◆ **How to complete this task**
Output exactly the lines below, starting with the line that has "define r3 where" and going on through the line that has "using k1.gt_1 by simp", both included, and no other lines.

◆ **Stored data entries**
· · · · ·
sublocale k3: real_quadratic d3
  using d3_facts by unfold_locales simp_all

lemma sqrt_d1_d2: "sqrt (real_of_int (d1 * d2)) = k1.\<omega> * k2.\<omega>"
  by (simp add: real_sqrt_mult)

lemma \<omega>_d1_d2_eq: "k1.\<omega> * k2.\<omega> = of_int (gcd d1 d2) * k3.\<omega>"
proof -
  have "k1.\<omega> * k2.\<omega> = sqrt ((of_int (gcd d1 d2))\<^sup>2 * real_of_int d3)"
    by (simp flip: sqrt_d1_d2 add: d3_facts(1))
  then show ?thesis
    by (simp add: real_sqrt_mult)
qed

lemma \<omega>_d1_d2_not_rat: "k1.\<omega> * k2.\<omega> \<notin> \<rat>"
proof
  assume "k1.\<omega> * k2.\<omega> \<in> \<rat>"
  then have "k1.\<omega> * k2.\<omega> / of_int (gcd d1 d2) \<in> \<rat>"
    by simp
  with k3.\<omega>_not_rat show False
    using k1.gt_1 by (simp add: \<omega>_d1_d2_eq)
qed

text \<open>The image of \<open>a + b \<surd>d1 + c \<surd>d2 + e \<surd>(d1 d2)\<close> under the automorphism
  \<open>\<surd>d1 \<mapsto> \<sigma> \<surd>d1\<close>, \<open>\<surd>d2 \<mapsto> \<tau> \<surd>d2\<close>, written as in the definition of \<open>totally_signed\<close>.\<close>
definition conjugate :: "rat \<Rightarrow> rat \<Rightarrow> rat \<Rightarrow> rat \<Rightarrow> real \<Rightarrow> real \<Rightarrow> real" where
  "conjugate a b c e \<sigma> \<tau> = of_rat a + \<sigma> * of_rat b * k1.\<omega> + \<tau> * of_rat c * k2.\<omega>
     + \<sigma> * \<tau> * of_rat e * sqrt (real_of_int (d1 * d2))"

lemma conjugate_eq: "conjugate a b c e \<sigma> \<tau>
  = of_rat a + of_rat b * (\<sigma> * k1.\<omega>) + of_rat c * (\<tau> * k2.\<omega>) + of_rat e * ((\<sigma> * k1.\<omega>) * (\<tau> * k2.\<omega>))"
  unfolding conjugate_def sqrt_d1_d2 by (simp add: algebra_simps)

lemma conjugate_eq_iff:
  "conjugate a b c e 1 1 = conjugate a' b' c' e' 1 1 \<longleftrightarrow> a = a' \<and> b = b' \<and> c = c' \<and> e = e'"
  using of_rat_biquadratic_eq_0_iff[OF k1.\<omega>_not_rat k2.\<omega>_not_rat \<omega>_d1_d2_not_rat k1.\<omega>_square
    k2.\<omega>_square, of "a - a'" "b - b'" "c - c'" "e - e'"]
  by (auto simp: conjugate_eq of_rat_diff algebra_simps)

lemma totally_signed_iff:
  assumes "x = conjugate a b c e 1 1"
  shows "totally_signed d1 d2 x \<longleftrightarrow> (\<forall>\<sigma>\<in>{-1, 1}. \<forall>\<tau>\<in>{-1, 1}. sgn (conjugate a b c e \<sigma> \<tau>) = sgn x)"
proof -
  have "totally_signed d1 d2 x \<longleftrightarrow> (\<exists>a b c e. x = conjugate a b c e 1 1 \<and>
      (\<forall>\<sigma>\<in>{-1, 1}. \<forall>\<tau>\<in>{-1, 1}. sgn (conjugate a b c e \<sigma> \<tau>) = sgn x))"
    by (simp add: totally_signed_def conjugate_def)
  with assms show ?thesis
    by (metis conjugate_eq_iff)
qed

lemma conjugate_product:
  fixes p1 q1 p2 q2 p3 q3 :: rat
  obtains a b c e where "\<And>\<sigma> \<tau>. \<sigma> \<in> {-1, 1} \<Longrightarrow> \<tau> \<in> {-1, 1} \<Longrightarrow> conjugate a b c e \<sigma> \<tau>
    = (of_rat p1 + of_rat q1 * (\<sigma> * k1.\<omega>)) * (of_rat p2 + of_rat q2 * (\<tau> * k2.\<omega>))
      * (of_rat p3 + of_rat q3 * ((\<sigma> * \<tau>) * k3.\<omega>))"
proof -
  \<comment> \<open>\<open>\<surd>d3 = \<surd>d1 \<surd>d2 / gcd d1 d2\<close>, so \<open>p3 + q3 \<surd>d3 = p3 + r3 \<surd>d1 \<surd>d2\<close>\<close>
  define r3 where "r3 = q3 / of_int (gcd d1 d2)"
  define D1 D2 :: rat where "D1 = of_int d1" and "D2 = of_int d2"
  define a b c e where "a = p1 * p2 * p3 + q1 * q2 * r3 * D1 * D2"
    and "b = q1 * p2 * p3 + p1 * q2 * r3 * D2" and "c = p1 * q2 * p3 + q1 * p2 * r3 * D1"
    and "e = p1 * p2 * r3 + q1 * q2 * p3"
  show thesis
  proof
    fix \<sigma> \<tau> :: real
    assume "\<sigma> \<in> {-1, 1}" "\<tau> \<in> {-1, 1}"
    then have squares: "(\<sigma> * k1.\<omega>) * (\<sigma> * k1.\<omega>) = of_rat D1" "(\<tau> * k2.\<omega>) * (\<tau> * k2.\<omega>) = of_rat D2"
      using k1.\<omega>_square k2.\<omega>_square by (auto simp: D1_def D2_def)
    have "(\<sigma> * k1.\<omega>) * (\<tau> * k2.\<omega>) = (\<sigma> * \<tau>) * (k1.\<omega> * k2.\<omega>)"
      by (simp only: mult_ac)
    then have "of_rat r3 * ((\<sigma> * k1.\<omega>) * (\<tau> * k2.\<omega>))
        = of_rat q3 / of_int (gcd d1 d2) * ((\<sigma> * \<tau>) * (of_int (gcd d1 d2) * k3.\<omega>))"
      by (simp only: r3_def of_rat_divide of_rat_of_int_eq \<omega>_d1_d2_eq)
    also have "\<dots> = of_rat q3 * ((\<sigma> * \<tau>) * k3.\<omega>)"
      using k1.gt_1 by simp
    finally have "of_rat r3 * ((\<sigma> * k1.\<omega>) * (\<tau> * k2.\<omega>)) = of_rat q3 * ((\<sigma> * \<tau>) * k3.\<omega>)" .
    then show "conjugate a b c e \<sigma> \<tau>
      = (of_rat p1 + of_rat q1 * (\<sigma> * k1.\<omega>)) * (of_rat p2 + of_rat q2 * (\<tau> * k2.\<omega>))
        * (of_rat p3 + of_rat q3 * ((\<sigma> * \<tau>) * k3.\<omega>))"
      unfolding conjugate_eq a_def b_def c_def e_def biquadratic_product_coords[OF squares, symmetric]
      by (simp only:)
  qed
qed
· · · · ·
◆ **The answer**
  define r3 where "r3 = q3 / of_int (gcd d1 d2)"
  define D1 D2 :: rat where "D1 = of_int d1" and "D2 = of_int d2"
  define a b c e where "a = p1 * p2 * p3 + q1 * q2 * r3 * D1 * D2"
    and "b = q1 * p2 * p3 + p1 * q2 * r3 * D2" and "c = p1 * q2 * p3 + q1 * p2 * r3 * D1"
    and "e = p1 * p2 * r3 + q1 * q2 * p3"
  show thesis
  proof
    fix \<sigma> \<tau> :: real
    assume "\<sigma> \<in> {-1, 1}" "\<tau> \<in> {-1, 1}"
    then have squares: "(\<sigma> * k1.\<omega>) * (\<sigma> * k1.\<omega>) = of_rat D1" "(\<tau> * k2.\<omega>) * (\<tau> * k2.\<omega>) = of_rat D2"
      using k1.\<omega>_square k2.\<omega>_square by (auto simp: D1_def D2_def)
    have "(\<sigma> * k1.\<omega>) * (\<tau> * k2.\<omega>) = (\<sigma> * \<tau>) * (k1.\<omega> * k2.\<omega>)"
      by (simp only: mult_ac)
    then have "of_rat r3 * ((\<sigma> * k1.\<omega>) * (\<tau> * k2.\<omega>))
        = of_rat q3 / of_int (gcd d1 d2) * ((\<sigma> * \<tau>) * (of_int (gcd d1 d2) * k3.\<omega>))"
      by (simp only: r3_def of_rat_divide of_rat_of_int_eq \<omega>_d1_d2_eq)
    also have "\<dots> = of_rat q3 * ((\<sigma> * \<tau>) * k3.\<omega>)"
      using k1.gt_1 by simp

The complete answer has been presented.